The comparison of the distribution of the number of provinces
between the total population, the simple random sample
and the stratified random sample.

In the stratified sample, the provinces are distributed as they are in the original sample, while in simple random sampling there are provinces which are present in a higher percentage and provinces which are present in a lower percentage.

We could however choose and impose another distribution. A common situation is one when you want to estimate with the same precision a parameter for each stratum, and in this case fixing the same number of units for each stratum is a good choice. This can be done with the option method=equal_size.

Systematic sampling

In the stratified sampling design we saw how to ensure that each one of a set of different classes is represented into our sample, and the same concept can be immediately generalized by stratifying with respect to more than one categorical variable.

If however we want to ensure that the entire range of values of a continuous variable is present in our sample, we cannot straightforwardly apply the above strategy.

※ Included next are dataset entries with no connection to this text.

(* Let $k$ be a field of characteristic $p>0$, let $R$ be a smooth $k$-algebra, let $e\in\mathbb N_{>0}$ and $m\in\mathbb N_{>0}$, and let $\mathbb D=(D_{\mathbf i})_{\mathbf i\in[p^m]^e}$ be an $m$-truncated $e$-dimensional HS-derivation on $R$ over $k$. Then there exists an $e$-dimensional HS-derivation $\mathbb D'=(D'_{\mathbf i})_{\mathbf i\in\mathbb N^e}$ on $R$ over $k$ such that $D'_{\mathbf i}=D_{\mathbf i}$ for every $\mathbf i\in[p^m]^e$.
   Context: All rings are commutative with $1$. For $m\in\mathbb N_{>0}\cup\{\infty\}$ and a $k$-algebra $R$ put $R[\bar v]:=R[X_1,\dots,X_e]/(X_1^{p^m},\dots,X_e^{p^m})$, with $v_i$ the image of $X_i$ (for $m=\infty$, $R[\bar v]:=R[[X_1,\dots,X_e]]$ and $v_i=X_i$). Let $[p^m]=\{0,1,\dots,p^m-1\}$ (and $[p^\infty]=\mathbb N$); for $\mathbf i=(i_1,\dots,i_e)$ write $\bar v^{\mathbf i}=v_1^{i_1}\cdots v_e^{i_e}$. An $m$-truncated $e$-dimensional HS-derivation on $R$ over $k$ is a family $\mathbb D=(D_{\mathbf i}:R\to R)_{\mathbf i\in[p^m]^e}$ such that the map $R\to R[\bar v]$, $r\mapsto\sum_{\mathbf i}D_{\mathbf i}(r)\bar v^{\mathbf i}$, is a $k$-algebra homomorphism and $D_{\mathbf 0}=\mathrm{id}_R$. For $m=\infty$ this is called an $e$-dimensional HS-derivation. *)

theory Defs
  imports "HOL-Algebra.Ring" "HOL-Algebra.Ideal"
begin

text \<open>The base field k is a type 'k of class field; the k-algebra R is a
type 'r of class comm_ring_1 together with its structure map phi :: 'k => 'r, a ring
homomorphism.  Multi-indices in N^e are lists of naturals of length e.\<close>

definition is_ring_hom_fun :: "('a::comm_ring_1 \<Rightarrow> 'b::comm_ring_1) \<Rightarrow> bool" where
  "is_ring_hom_fun f \<longleftrightarrow> f 1 = 1 \<and> (\<forall>x y. f (x + y) = f x + f y) \<and> (\<forall>x y. f (x * y) = f x * f y)"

The possible choices in this case are two: we can either discretize the continuous variables, either by using equally spaced subsets or more advanced methods ¹, or we can use some form of systematic sampling. The basic form of systematic sampling is very easy, and it can be done in four steps:

We compute k=n//N and l=n%N
We sort our dataframe according to the column we want to stratify on
We sample a random number i between 0 and k-1
we take the units i, i+k, i+2k,…,i+(l-1)*k

Alternatively, we can use

col = 'medianincome'

df_sort = df.sort_values(by=col, ascending=True)

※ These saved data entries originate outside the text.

lemma lim_eq_if_diff_bounded_over_n:
  fixes u v b :: "nat \<Rightarrow> real"
  assumes u: "convergent u" and v: "convergent v" and b: "bounded (range b)"
    and diff: "\<And>n. u n - v n = b n / real n"
  shows "lim u = lim v"
proof -
  obtain B where B: "\<And>n. \<bar>b n\<bar> \<le> B"
    using b unfolding bounded_iff by auto
  have "(\<lambda>n. u n - v n) \<longlonglongrightarrow> 0"
  proof (rule Lim_null_comparison)
    show "\<forall>\<^sub>F n in sequentially. norm (u n - v n) \<le> B * (1 / real n)"
      using B by (intro always_eventually) (simp add: diff abs_divide divide_right_mono)
    show "(\<lambda>n. B * (1 / real n)) \<longlonglongrightarrow> 0"
      using tendsto_mult_right_zero[OF lim_inverse_n'] by simp
  qed
  moreover have "(\<lambda>n. u n - v n) \<longlonglongrightarrow> lim u - lim v"
    using u v by (intro tendsto_diff) (simp_all add: convergent_LIMSEQ_iff)
  ultimately show ?thesis
    using LIMSEQ_unique by fastforce
qed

m4 = sample(df_sort, n=n, rng=rng, kind='systematic')

Before discussing the results of the systematic sampling strategy, let us introduce a more recent sampling design, namely the pivotal method.

Pivot sampling

Pivotal sampling has been first developed by Deville and Tillé in 1996 in this paper.

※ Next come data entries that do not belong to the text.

(* Let $D \ge 1$, let $\Sigma$ be a fixed symmetric positive definite $D \times D$ matrix, let $\Theta \in \mathbb{R}^D$, and let $X \sim {\sf N}_D(\Theta, \Sigma)$. For $x \in \mathbb{R}^D$ let $\Pi_x = {\sf N}_D(x, \Sigma)$ denote the (flat-prior) posterior distribution of the parameter given data $x$. Let $G \subset \mathbb{R}^D$ be $\Theta$-noloco, and let $H = G^c = \mathbb{R}^D \setminus G$. Then the hypothesis $H$ is afflicted by false confidence. In particular, the random variable $\Pi_X(H)$, as a function of $X \sim {\sf N}_D(\Theta,\Sigma)$, is stochastically larger than a ${\sf Unif}(0,1)$ random variable, i.e., $\mathsf{P}_\Theta\{\Pi_X(H) > t\} \ge 1 - t$ for every $t \in [0,1]$.
   Context: Model: data $X$ takes values in $\mathbb{R}^D$ and $X \sim {\sf N}_D(\Theta,\Sigma)$ with $\Sigma$ known and $\Theta \in \mathbb{R}^D$ the uncertain true parameter; $\mathsf{P}_\Theta$ denotes probability under this distribution. The precise inferential model (posterior) is $\Pi_X = {\sf N}_D(X,\Sigma)$, so $\Pi_X(H)$ is the probability that a ${\sf N}_D(X,\Sigma)$ random vector lies in $H$. A set $G \subset \mathbb{R}^D$ is called non-linear locally convex at $\vartheta$ ($\vartheta$-noloco) if: $\vartheta \in G$ lies on the boundary of $G$; $G$ has a supporting hyperplane at $\vartheta$, i.e., there is a nonzero vector $g_\vartheta \in \mathbb{R}^D$ with $G \subseteq \{\theta : g_\vartheta^\top(\theta - \vartheta) \le 0\}$; and the set $G^c \cap \{\theta : g_\vartheta^\top(\theta - \vartheta) \le 0\}$ (the part of the complement of $G$ lying in the half-space containing $G$ determined by the supporting hyperplane) has positive Lebesgue measure. A hypothesis $H \subseteq \mathbb{R}^D$ is afflicted by false confidence (at $\Theta$) if $\Theta \notin H$ and there exists $\alpha \in (0,1)$ such that $\mathsf{P}_\Theta\{\Pi_X(H) \ge 1-\alpha\} > \alpha$. *)

theory Defs
  imports "HOL-Analysis.Analysis"
begin

definition sym_posdef :: "real^'n^'n \<Rightarrow> bool" where
  "sym_posdef S \<longleftrightarrow> transpose S = S \<and> (\<forall>x. x \<noteq> 0 \<longrightarrow> x \<bullet> (S *v x) > 0)"

definition mvn_density :: "real^'n \<Rightarrow> real^'n^'n \<Rightarrow> real^'n \<Rightarrow> real" where
  "mvn_density mu S x =
     exp (- (1/2) * ((x - mu) \<bullet> (matrix_inv S *v (x - mu))))
     / sqrt ((2 * pi) ^ CARD('n) * det S)"

definition mvn :: "real^'n \<Rightarrow> real^'n^'n \<Rightarrow> (real^'n) measure" where
  "mvn mu S = density lebesgue (\<lambda>x. ennreal (mvn_density mu S x))"

definition noloco :: "(real^'n) set \<Rightarrow> real^'n \<Rightarrow> bool" where
  "noloco G th \<longleftrightarrow> th \<in> G \<and> th \<in> frontier G \<and>
     (\<exists>g::real^'n. g \<noteq> 0 \<and> G \<subseteq> {t. g \<bullet> (t - th) \<le> 0} \<and>
        emeasure lebesgue ((- G) \<inter> {t. g \<bullet> (t - th) \<le> 0}) > 0)"

definition false_confidence :: "real^'n^'n \<Rightarrow> real^'n \<Rightarrow> (real^'n) set \<Rightarrow> bool" where
  "false_confidence S Th H \<longleftrightarrow> Th \<notin> H \<and>
     (\<exists>a. 0 < a \<and> a < 1 \<and>
        measure (mvn Th S) {x. measure (mvn x S) H \<ge> 1 - a} > a)"

end

theory Submission
  imports Defs "HOL-Probability.Probability"
begin

(* Let g be the normal of a supporting hyperplane of G at Theta and H = {y. 0 < g . (y - Theta)}
   the open half-space beyond it, so H is contained in -G.  The normal density is point-symmetric,
   hence Pi_x(H) = P_Theta(g . X < g . x): Pi_X(H) is the CDF of g . X evaluated at g . X and thus
   uniform on (0,1).  Since -G - H has positive Lebesgue measure and normal densities are positive,
   Pi_X(-G) > Pi_X(H) everywhere, so Pi_X(-G) is stochastically larger than Unif(0,1); and strict
   domination yields a rational u with P_Theta{Pi_X(H) < u <= Pi_X(-G)} > 0, which is false
   confidence at level 1 - u.  That N(x, Sigma) is a probability measure follows from the
   substitution z = A y with A^T Sigma^-1 A = I. *)

section \<open>Linear change of variables for Lebesgue measure\<close>

lemma borel_measurable_linear:
  fixes f :: "'a::euclidean_space \<Rightarrow> 'b::euclidean_space"
  assumes "linear f"
  shows "f \<in> borel_measurable borel"
  using assms by (simp add: borel_measurable_continuous_onI linear_continuous_on linear_linear)

lemma lborel_eq_density_distr_linear:
  fixes f :: "'a::euclidean_space \<Rightarrow> 'a"
  assumes f: "linear f" "inj f"
    and scale: "\<And>a b. measure lebesgue (f ` cbox a b) = m * measure lebesgue (cbox a b)"
  shows "lborel = density (distr lborel borel f) (\<lambda>_. ennreal m)"
proof (rule lborel_eqI)
  fix l u :: 'a
  assume "\<And>b. b \<in> Basis \<Longrightarrow> l \<bullet> b \<le> u \<bullet> b"
  have "0 \<le> measure lebesgue (f ` cbox 0 One)"
    by (rule measure_nonneg)
  then have "0 \<le> m"
    by (simp add: scale)
  have [measurable]: "f \<in> borel_measurable borel"
    using f(1) by (rule borel_measurable_linear)
  obtain g where g: "linear g" "g \<circ> f = id"
    using linear_injective_left_inverse[OF f] by blast
  have gf: "g (f x) = x" for x
    using g(2) by (simp add: fun_eq_iff)
  have "surj f"
    using f linear_injective_imp_surjective by blast
  then have fg: "f (g y) = y" for y
    using gf by (metis surjD)
  have "g ` box l u \<in> lmeasurable"
  proof (rule lmeasurable_open)
    show "bounded (g ` box l u)"
      using g(1) by (simp add: bounded_linear_image linear_linear)
    have "surj g"
      using gf by (metis surjI)
    then show "open (g ` box l u)"
      using g(1) by (intro open_surjective_linear_image open_box)
  qed
  then have "m * measure lebesgue (g ` box l u) = measure lebesgue (f ` g ` box l u)"
    using measure_linear_sufficient[OF f(1) _ scale] by blast
  also have "f ` g ` box l u = box l u"
    using fg by (force simp: image_iff)
  finally have measure_box: "m * measure lebesgue (g ` box l u) = measure lebesgue (box l u)" .
  have preimage: "f -` box l u = g ` box l u"
    using gf fg by (auto simp: image_iff) metis
  have "f -` box l u \<in> sets borel"
    using measurable_sets[of f borel borel "box l u"] by simp
  then have "emeasure (density (distr lborel borel f) (\<lambda>_. ennreal m)) (box l u)
      = ennreal m * emeasure lebesgue (g ` box l u)"
    by (simp add: emeasure_density nn_integral_cmult_indicator emeasure_distr emeasure_completion
        flip: preimage)
  also have "\<dots> = emeasure lborel (box l u)"
    using \<open>g ` box l u \<in> lmeasurable\<close> \<open>0 \<le> m\<close> measure_box
    by (simp add: emeasure_eq_measure2 measure_completion flip: ennreal_mult)
  finally show "emeasure (density (distr lborel borel f) (\<lambda>_. ennreal m)) (box l u)
      = (\<Prod>b\<in>Basis. (u - l) \<bullet> b)"
    using \<open>\<And>b. b \<in> Basis \<Longrightarrow> l \<bullet> b \<le> u \<bullet> b\<close> by (simp add: emeasure_lborel_box)
qed simp

lemma nn_integral_lborel_linear_scaling:
  fixes f :: "'a::euclidean_space \<Rightarrow> 'a"
  assumes f: "linear f" "inj f"
    and scale: "\<And>a b. measure lebesgue (f ` cbox a b) = m * measure lebesgue (cbox a b)"
    and h: "h \<in> borel_measurable borel"
  shows "(\<integral>\<^sup>+x. h x \<partial>lborel) = ennreal m * (\<integral>\<^sup>+y. h (f y) \<partial>lborel)"
proof -
  have [measurable]: "f \<in> borel_measurable borel"
    using f(1) by (rule borel_measurable_linear)
  have "(\<integral>\<^sup>+x. h x \<partial>lborel) = (\<integral>\<^sup>+x. h x \<partial>density (distr lborel borel f) (\<lambda>_. ennreal m))"
    by (subst (1) lborel_eq_density_distr_linear[OF f scale]) (rule refl)
  also have "\<dots> = (\<integral>\<^sup>+x. ennreal m * h x \<partial>distr lborel borel f)"
    using h by (simp add: nn_integral_density)
  also have "\<dots> = ennreal m * (\<integral>\<^sup>+y. h (f y) \<partial>lborel)"
    using h by (simp add: nn_integral_distr nn_integral_cmult)
  finally show ?thesis .
qed

lemma measure_shear_cbox:
  fixes a b :: "real^'n"
  assumes "m \<noteq> n"
  shows "measure lebesgue ((\<lambda>x. \<chi> i. if i = m then x$m + x$n else x$i) ` cbox a b)
    = measure lebesgue (cbox a b)"
proof (cases "cbox a b = {}")
  case False
  let ?f = "\<lambda>x::real^'n. \<chi> i. if i = m then x$m + x$n else x$i"
  \<comment> \<open>measure_shear_interval needs a nonnegative n-th corner coordinate, so translate first\<close>
  define v :: "real^'n" where "v = axis n (- a$n)"
  have "?f ` cbox (v + a) (v + b) = (+) (?f v) ` ?f ` cbox a b"
    unfolding cbox_translation image_image by (rule image_cong) (auto simp: vec_eq_iff)
  then have "measure lebesgue (?f ` cbox a b) = measure lebesgue (?f ` cbox (v + a) (v + b))"
    by (simp add: measure_translation)
  also have "\<dots> = measure lebesgue (cbox (v + a) (v + b))"
    using assms False by (intro measure_shear_interval) (auto simp: v_def cbox_translation)
  also have "\<dots> = measure lebesgue (cbox a b)"
    by (simp add: cbox_translation measure_translation)
  finally show ?thesis .
qed simp

lemma measure_swap_cbox:
  fixes a b :: "real^'n"
  shows "measure lebesgue ((\<lambda>x. \<chi> i. x $ Transposition.transpose m n i) ` cbox a b)
    = measure lebesgue (cbox a b)"
proof (cases "cbox a b = {}")
  case False
  let ?\<tau> = "Transposition.transpose m n"
  let ?f = "\<lambda>x::real^'n. \<chi> i. x $ ?\<tau> i"
  have involution: "?f (?f x) = x" for x
    by (simp add: vec_eq_iff)
  have all_swap: "(\<forall>i. P i) \<longleftrightarrow> (\<forall>i. P (?\<tau> i))" for P
    by (metis transpose_involutory)
  have mem: "?f y \<in> cbox a b \<longleftrightarrow> y \<in> cbox (?f a) (?f b)" for y
    using all_swap[of "\<lambda>i. a$i \<le> y $ ?\<tau> i \<and> y $ ?\<tau> i \<le> b$i"] by (simp add: mem_box_cart)
  have image: "?f ` cbox a b = cbox (?f a) (?f b)"
  proof (intro set_eqI iffI)
    show "y \<in> cbox (?f a) (?f b)" if "y \<in> ?f ` cbox a b" for y
      using that by (auto simp: involution mem[symmetric])
    show "y \<in> ?f ` cbox a b" if "y \<in> cbox (?f a) (?f b)" for y
      using that by (intro image_eqI[of y _ "?f y"]) (simp_all add: involution mem)
  qed
  then have ne: "cbox (?f a) (?f b) \<noteq> {}"
    using False by blast
  have "measure lebesgue (?f ` cbox a b) = (\<Prod>i\<in>UNIV. ?f b $ i - ?f a $ i)"
    unfolding image measure_completion[OF cbox_borel[unfolded sets_lborel[symmetric]]]
    by (rule content_cbox_cart[OF ne])
  also have "\<dots> = (\<Prod>i\<in>UNIV. b $ i - a $ i)"
    by (rule prod.reindex_bij_witness[of _ ?\<tau> ?\<tau>]) simp_all
  also have "\<dots> = measure lebesgue (cbox a b)"
    unfolding measure_completion[OF cbox_borel[unfolded sets_lborel[symmetric]]]
    by (rule content_cbox_cart[OF False, symmetric])
  finally show ?thesis .
qed simp

definition lborel_change_of_vars :: "(real^'n \<Rightarrow> real^'n) \<Rightarrow> bool" where
  "lborel_change_of_vars f \<longleftrightarrow> (\<forall>h \<in> borel_measurable borel.
    (\<integral>\<^sup>+x. h x \<partial>lborel) = ennreal \<bar>det (matrix f)\<bar> * (\<integral>\<^sup>+y. h (f y) \<partial>lborel))"

lemma lborel_change_of_vars_if_scales_cbox:
  fixes f :: "real^'n \<Rightarrow> real^'n"
  assumes f: "linear f" "det (matrix f) \<noteq> 0"
    and scale: "\<And>a b. measure lebesgue (f ` cbox a b) = \<bar>det (matrix f)\<bar> * measure lebesgue (cbox a b)"
  shows "lborel_change_of_vars f"
  unfolding lborel_change_of_vars_def
  using f det_nz_iff_inj nn_integral_lborel_linear_scaling[OF f(1) _ scale] by blast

With this method, in each step, we then apply the following algorithm:

Select a random unit $i$ among those with $0 < \pi_i < 1$
Find its nearest neighbour $j$ among those with $0 < \pi_j < 1$
If $\pi_i + \pi_j > 1$ then:
1. generate $0 \leq \lambda \leq 1$ uniformly
2. if $\lambda < \pi_i/(\pi_i + \pi_j)$ set $\pi_i$ to 1 and $\pi_j$ to $(\pi_i + \pi_j -1)$, otherwise switch $i$ and $j$
If $\pi_i + \pi_j <= 1$ then:
1. generate $0 \leq \lambda \leq 1$ uniformly
2. if $\lambda < \pi_i/(\pi_i + \pi_j)$ set $\pi_j$ to 0 and $\pi_i$ to $(\pi_i + \pi_j)$, otherwise switch $i$ and $j$.

The effect is analogous to the one we would have obtained by using a systematic sampling sorting with respect to $x$. We can however generalize the above concept and use any distance matrix for $x$ either one dimensional or multidimensional, so this method can be also applied to spatial sampling.

The above method has been improved by verifying in step 2 that $i$ is the nearest neighbour of $j$. If it is, then step 3 is performed, otherwise one goes back to step 1.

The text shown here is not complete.